> **Activity**
Look below for the line containing "i + cmod (1"; from there, print each line exactly up to and including the line containing "(simp add: orth_projector_def)", and stop.

> **Working data**
______________________________

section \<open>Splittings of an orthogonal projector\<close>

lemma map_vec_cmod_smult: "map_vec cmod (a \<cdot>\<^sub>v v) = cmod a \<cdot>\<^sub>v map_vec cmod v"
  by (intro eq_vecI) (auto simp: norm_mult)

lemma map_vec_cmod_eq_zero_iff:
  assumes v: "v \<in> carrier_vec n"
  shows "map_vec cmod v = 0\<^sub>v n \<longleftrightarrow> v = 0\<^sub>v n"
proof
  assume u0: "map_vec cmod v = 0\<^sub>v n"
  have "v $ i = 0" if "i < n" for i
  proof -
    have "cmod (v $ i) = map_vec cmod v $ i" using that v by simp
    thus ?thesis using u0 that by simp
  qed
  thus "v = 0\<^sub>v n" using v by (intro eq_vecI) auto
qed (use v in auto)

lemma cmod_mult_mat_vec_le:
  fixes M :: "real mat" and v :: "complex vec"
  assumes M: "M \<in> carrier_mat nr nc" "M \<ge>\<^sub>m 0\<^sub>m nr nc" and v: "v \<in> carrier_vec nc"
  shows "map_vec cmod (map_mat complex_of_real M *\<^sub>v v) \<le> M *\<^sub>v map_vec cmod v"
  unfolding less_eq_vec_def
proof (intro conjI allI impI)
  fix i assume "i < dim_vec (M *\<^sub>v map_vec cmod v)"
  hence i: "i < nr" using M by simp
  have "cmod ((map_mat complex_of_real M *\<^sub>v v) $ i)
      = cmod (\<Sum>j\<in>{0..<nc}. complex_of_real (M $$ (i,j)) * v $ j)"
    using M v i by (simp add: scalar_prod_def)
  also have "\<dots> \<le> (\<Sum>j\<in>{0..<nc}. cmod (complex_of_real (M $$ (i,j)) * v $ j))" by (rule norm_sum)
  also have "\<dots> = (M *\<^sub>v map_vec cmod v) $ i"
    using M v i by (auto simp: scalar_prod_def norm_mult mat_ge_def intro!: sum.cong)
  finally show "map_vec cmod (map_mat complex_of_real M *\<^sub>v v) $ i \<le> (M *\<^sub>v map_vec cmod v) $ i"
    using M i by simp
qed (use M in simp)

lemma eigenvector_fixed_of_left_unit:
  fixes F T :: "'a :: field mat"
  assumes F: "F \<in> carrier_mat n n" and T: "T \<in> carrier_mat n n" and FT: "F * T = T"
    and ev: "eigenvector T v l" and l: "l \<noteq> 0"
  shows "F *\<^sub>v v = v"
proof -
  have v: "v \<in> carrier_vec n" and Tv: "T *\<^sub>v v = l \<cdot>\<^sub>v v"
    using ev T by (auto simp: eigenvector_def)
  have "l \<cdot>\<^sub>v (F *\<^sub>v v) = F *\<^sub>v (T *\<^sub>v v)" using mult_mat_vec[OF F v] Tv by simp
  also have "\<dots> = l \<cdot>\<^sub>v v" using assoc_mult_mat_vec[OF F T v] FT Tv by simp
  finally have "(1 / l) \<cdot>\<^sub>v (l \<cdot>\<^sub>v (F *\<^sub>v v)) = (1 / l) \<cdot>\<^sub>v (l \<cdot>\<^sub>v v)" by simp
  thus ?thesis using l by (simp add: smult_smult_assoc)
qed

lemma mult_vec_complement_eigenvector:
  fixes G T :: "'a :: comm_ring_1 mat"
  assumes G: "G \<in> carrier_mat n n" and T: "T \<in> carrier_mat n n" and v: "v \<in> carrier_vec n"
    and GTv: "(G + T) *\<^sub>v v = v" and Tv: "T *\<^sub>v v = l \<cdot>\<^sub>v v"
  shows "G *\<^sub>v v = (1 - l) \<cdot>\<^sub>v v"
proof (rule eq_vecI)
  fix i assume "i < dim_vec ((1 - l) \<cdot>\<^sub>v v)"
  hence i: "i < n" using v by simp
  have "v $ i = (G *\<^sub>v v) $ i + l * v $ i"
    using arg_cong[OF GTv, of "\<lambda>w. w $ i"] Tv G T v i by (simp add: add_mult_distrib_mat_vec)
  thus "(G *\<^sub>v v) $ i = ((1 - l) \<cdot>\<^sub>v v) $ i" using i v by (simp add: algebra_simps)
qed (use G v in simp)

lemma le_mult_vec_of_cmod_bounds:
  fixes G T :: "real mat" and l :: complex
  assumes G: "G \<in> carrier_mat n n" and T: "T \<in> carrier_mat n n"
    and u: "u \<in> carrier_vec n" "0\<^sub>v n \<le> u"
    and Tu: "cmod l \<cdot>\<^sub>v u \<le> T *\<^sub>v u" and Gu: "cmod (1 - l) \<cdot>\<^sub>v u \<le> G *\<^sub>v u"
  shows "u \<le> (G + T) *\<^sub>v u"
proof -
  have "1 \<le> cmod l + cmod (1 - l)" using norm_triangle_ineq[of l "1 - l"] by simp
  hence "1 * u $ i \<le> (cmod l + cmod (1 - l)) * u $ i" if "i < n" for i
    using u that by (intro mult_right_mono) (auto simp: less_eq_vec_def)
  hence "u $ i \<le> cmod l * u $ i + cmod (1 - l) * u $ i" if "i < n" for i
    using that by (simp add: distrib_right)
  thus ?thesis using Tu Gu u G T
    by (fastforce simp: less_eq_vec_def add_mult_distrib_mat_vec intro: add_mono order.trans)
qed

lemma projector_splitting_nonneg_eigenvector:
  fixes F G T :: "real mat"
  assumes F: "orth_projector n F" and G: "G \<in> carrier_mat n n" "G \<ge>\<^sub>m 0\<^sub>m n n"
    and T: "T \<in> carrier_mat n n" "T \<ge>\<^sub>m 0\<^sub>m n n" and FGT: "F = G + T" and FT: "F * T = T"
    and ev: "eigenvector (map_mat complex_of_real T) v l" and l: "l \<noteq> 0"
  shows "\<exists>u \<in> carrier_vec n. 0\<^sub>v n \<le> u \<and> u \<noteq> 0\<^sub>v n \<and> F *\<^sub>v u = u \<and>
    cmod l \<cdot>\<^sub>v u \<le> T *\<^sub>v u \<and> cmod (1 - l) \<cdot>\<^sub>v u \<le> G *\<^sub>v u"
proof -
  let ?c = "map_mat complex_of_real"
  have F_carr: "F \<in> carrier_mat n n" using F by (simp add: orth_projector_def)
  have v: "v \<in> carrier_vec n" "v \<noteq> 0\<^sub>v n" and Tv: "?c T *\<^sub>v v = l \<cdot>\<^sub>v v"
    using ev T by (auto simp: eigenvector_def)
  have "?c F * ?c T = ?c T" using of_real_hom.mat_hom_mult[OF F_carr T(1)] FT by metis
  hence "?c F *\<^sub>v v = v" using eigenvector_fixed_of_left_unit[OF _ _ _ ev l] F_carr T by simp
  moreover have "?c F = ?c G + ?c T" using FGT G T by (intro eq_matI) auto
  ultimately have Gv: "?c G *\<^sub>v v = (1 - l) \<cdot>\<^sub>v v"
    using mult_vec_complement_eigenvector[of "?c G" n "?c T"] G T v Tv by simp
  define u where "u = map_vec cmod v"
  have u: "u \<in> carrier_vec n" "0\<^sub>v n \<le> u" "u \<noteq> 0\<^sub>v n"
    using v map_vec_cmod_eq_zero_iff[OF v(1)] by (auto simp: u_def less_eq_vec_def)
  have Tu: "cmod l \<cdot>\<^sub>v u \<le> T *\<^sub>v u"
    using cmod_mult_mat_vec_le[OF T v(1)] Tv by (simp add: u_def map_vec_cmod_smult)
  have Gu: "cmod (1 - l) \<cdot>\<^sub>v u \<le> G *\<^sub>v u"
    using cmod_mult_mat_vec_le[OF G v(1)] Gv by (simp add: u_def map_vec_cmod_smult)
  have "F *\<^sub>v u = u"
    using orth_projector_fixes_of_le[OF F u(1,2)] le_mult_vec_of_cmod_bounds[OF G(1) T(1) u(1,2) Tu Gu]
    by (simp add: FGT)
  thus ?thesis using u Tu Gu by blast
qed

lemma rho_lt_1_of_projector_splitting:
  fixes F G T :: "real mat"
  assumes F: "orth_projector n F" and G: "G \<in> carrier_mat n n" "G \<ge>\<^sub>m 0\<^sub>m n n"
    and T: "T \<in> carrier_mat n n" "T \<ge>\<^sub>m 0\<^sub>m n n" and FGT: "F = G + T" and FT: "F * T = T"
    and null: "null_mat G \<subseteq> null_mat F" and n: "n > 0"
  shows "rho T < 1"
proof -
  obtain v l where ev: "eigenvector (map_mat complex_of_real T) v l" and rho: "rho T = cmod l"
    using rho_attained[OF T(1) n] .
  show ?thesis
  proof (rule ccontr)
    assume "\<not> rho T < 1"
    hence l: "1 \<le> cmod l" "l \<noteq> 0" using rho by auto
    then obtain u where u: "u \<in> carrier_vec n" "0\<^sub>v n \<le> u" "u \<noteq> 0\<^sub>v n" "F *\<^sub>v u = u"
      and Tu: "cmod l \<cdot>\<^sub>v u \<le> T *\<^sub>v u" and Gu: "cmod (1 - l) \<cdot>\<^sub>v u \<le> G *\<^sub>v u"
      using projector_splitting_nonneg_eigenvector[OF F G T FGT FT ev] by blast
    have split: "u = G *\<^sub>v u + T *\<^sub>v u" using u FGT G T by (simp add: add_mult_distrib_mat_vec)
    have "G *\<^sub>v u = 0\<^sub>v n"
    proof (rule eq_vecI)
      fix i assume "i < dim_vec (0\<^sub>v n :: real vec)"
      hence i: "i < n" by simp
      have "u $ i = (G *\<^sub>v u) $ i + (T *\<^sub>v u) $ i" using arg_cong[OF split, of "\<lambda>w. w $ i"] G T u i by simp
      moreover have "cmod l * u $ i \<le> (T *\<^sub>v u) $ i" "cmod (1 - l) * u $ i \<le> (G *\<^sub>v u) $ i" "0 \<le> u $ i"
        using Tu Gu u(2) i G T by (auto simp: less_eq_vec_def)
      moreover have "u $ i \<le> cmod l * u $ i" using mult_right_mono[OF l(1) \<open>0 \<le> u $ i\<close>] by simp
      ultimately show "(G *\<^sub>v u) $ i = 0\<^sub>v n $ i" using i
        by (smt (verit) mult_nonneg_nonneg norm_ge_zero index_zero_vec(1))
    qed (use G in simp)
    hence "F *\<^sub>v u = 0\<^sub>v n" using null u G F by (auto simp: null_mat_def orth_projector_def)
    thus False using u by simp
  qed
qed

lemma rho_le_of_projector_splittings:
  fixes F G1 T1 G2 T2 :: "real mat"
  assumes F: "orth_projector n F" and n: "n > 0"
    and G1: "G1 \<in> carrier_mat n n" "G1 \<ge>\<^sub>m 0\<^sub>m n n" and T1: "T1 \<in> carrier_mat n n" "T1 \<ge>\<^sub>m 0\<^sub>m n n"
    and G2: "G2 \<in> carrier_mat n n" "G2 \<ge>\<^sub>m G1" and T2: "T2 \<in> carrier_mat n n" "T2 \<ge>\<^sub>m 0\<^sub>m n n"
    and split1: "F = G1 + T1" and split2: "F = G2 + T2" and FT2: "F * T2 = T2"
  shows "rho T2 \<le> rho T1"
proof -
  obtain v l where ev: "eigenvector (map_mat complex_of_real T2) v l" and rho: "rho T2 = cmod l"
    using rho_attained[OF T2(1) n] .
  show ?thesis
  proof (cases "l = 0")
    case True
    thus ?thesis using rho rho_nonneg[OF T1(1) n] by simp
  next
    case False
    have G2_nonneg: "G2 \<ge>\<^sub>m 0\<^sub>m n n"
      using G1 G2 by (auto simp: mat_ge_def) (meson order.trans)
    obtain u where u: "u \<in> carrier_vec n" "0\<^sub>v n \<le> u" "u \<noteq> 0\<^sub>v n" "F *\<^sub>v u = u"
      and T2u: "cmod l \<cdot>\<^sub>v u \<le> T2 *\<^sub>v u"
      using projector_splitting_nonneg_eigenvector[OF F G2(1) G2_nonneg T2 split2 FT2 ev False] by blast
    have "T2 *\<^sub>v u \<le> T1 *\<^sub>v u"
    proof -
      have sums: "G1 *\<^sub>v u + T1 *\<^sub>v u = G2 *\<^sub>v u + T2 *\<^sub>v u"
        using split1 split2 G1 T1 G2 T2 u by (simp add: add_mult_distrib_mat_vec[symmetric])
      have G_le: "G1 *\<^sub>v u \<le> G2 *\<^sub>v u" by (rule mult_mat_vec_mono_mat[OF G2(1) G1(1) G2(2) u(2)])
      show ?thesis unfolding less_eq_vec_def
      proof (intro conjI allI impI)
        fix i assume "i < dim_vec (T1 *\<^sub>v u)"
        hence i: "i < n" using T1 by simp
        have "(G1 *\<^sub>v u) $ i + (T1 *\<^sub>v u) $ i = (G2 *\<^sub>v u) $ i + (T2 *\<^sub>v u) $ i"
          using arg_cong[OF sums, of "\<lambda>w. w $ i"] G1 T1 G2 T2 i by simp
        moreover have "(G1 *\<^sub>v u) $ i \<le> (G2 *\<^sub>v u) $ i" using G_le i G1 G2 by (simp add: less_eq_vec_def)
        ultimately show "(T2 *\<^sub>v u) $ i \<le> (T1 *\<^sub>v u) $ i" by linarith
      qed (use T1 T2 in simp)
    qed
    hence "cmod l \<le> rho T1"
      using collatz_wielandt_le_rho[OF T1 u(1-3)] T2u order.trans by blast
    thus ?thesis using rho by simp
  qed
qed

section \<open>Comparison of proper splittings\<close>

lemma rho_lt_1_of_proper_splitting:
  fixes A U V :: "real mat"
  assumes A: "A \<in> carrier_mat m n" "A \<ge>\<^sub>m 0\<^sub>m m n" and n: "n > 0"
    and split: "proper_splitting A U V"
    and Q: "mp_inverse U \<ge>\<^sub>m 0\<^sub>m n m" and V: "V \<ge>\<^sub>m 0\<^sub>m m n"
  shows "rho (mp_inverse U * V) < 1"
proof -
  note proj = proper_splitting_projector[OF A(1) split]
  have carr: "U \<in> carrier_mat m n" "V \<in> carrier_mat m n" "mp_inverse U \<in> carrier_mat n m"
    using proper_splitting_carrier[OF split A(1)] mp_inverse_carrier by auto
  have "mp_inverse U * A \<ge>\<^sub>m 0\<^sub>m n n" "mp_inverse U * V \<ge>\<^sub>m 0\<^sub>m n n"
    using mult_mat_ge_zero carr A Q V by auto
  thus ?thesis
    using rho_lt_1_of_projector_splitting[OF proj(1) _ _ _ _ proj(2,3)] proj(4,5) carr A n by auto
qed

______________________________

> **Task answer**
  hence "u $ i \<le> cmod l * u $ i + cmod (1 - l) * u $ i" if "i < n" for i
    using that by (simp add: distrib_right)
  thus ?thesis using Tu Gu u G T
    by (fastforce simp: less_eq_vec_def add_mult_distrib_mat_vec intro: add_mono order.trans)
qed

lemma projector_splitting_nonneg_eigenvector:
  fixes F G T :: "real mat"
  assumes F: "orth_projector n F" and G: "G \<in> carrier_mat n n" "G \<ge>\<^sub>m 0\<^sub>m n n"
    and T: "T \<in> carrier_mat n n" "T \<ge>\<^sub>m 0\<^sub>m n n" and FGT: "F = G + T" and FT: "F * T = T"
    and ev: "eigenvector (map_mat complex_of_real T) v l" and l: "l \<noteq> 0"
  shows "\<exists>u \<in> carrier_vec n. 0\<^sub>v n \<le> u \<and> u \<noteq> 0\<^sub>v n \<and> F *\<^sub>v u = u \<and>
    cmod l \<cdot>\<^sub>v u \<le> T *\<^sub>v u \<and> cmod (1 - l) \<cdot>\<^sub>v u \<le> G *\<^sub>v u"
proof -
  let ?c = "map_mat complex_of_real"
  have F_carr: "F \<in> carrier_mat n n" using F by (simp add: orth_projector_def)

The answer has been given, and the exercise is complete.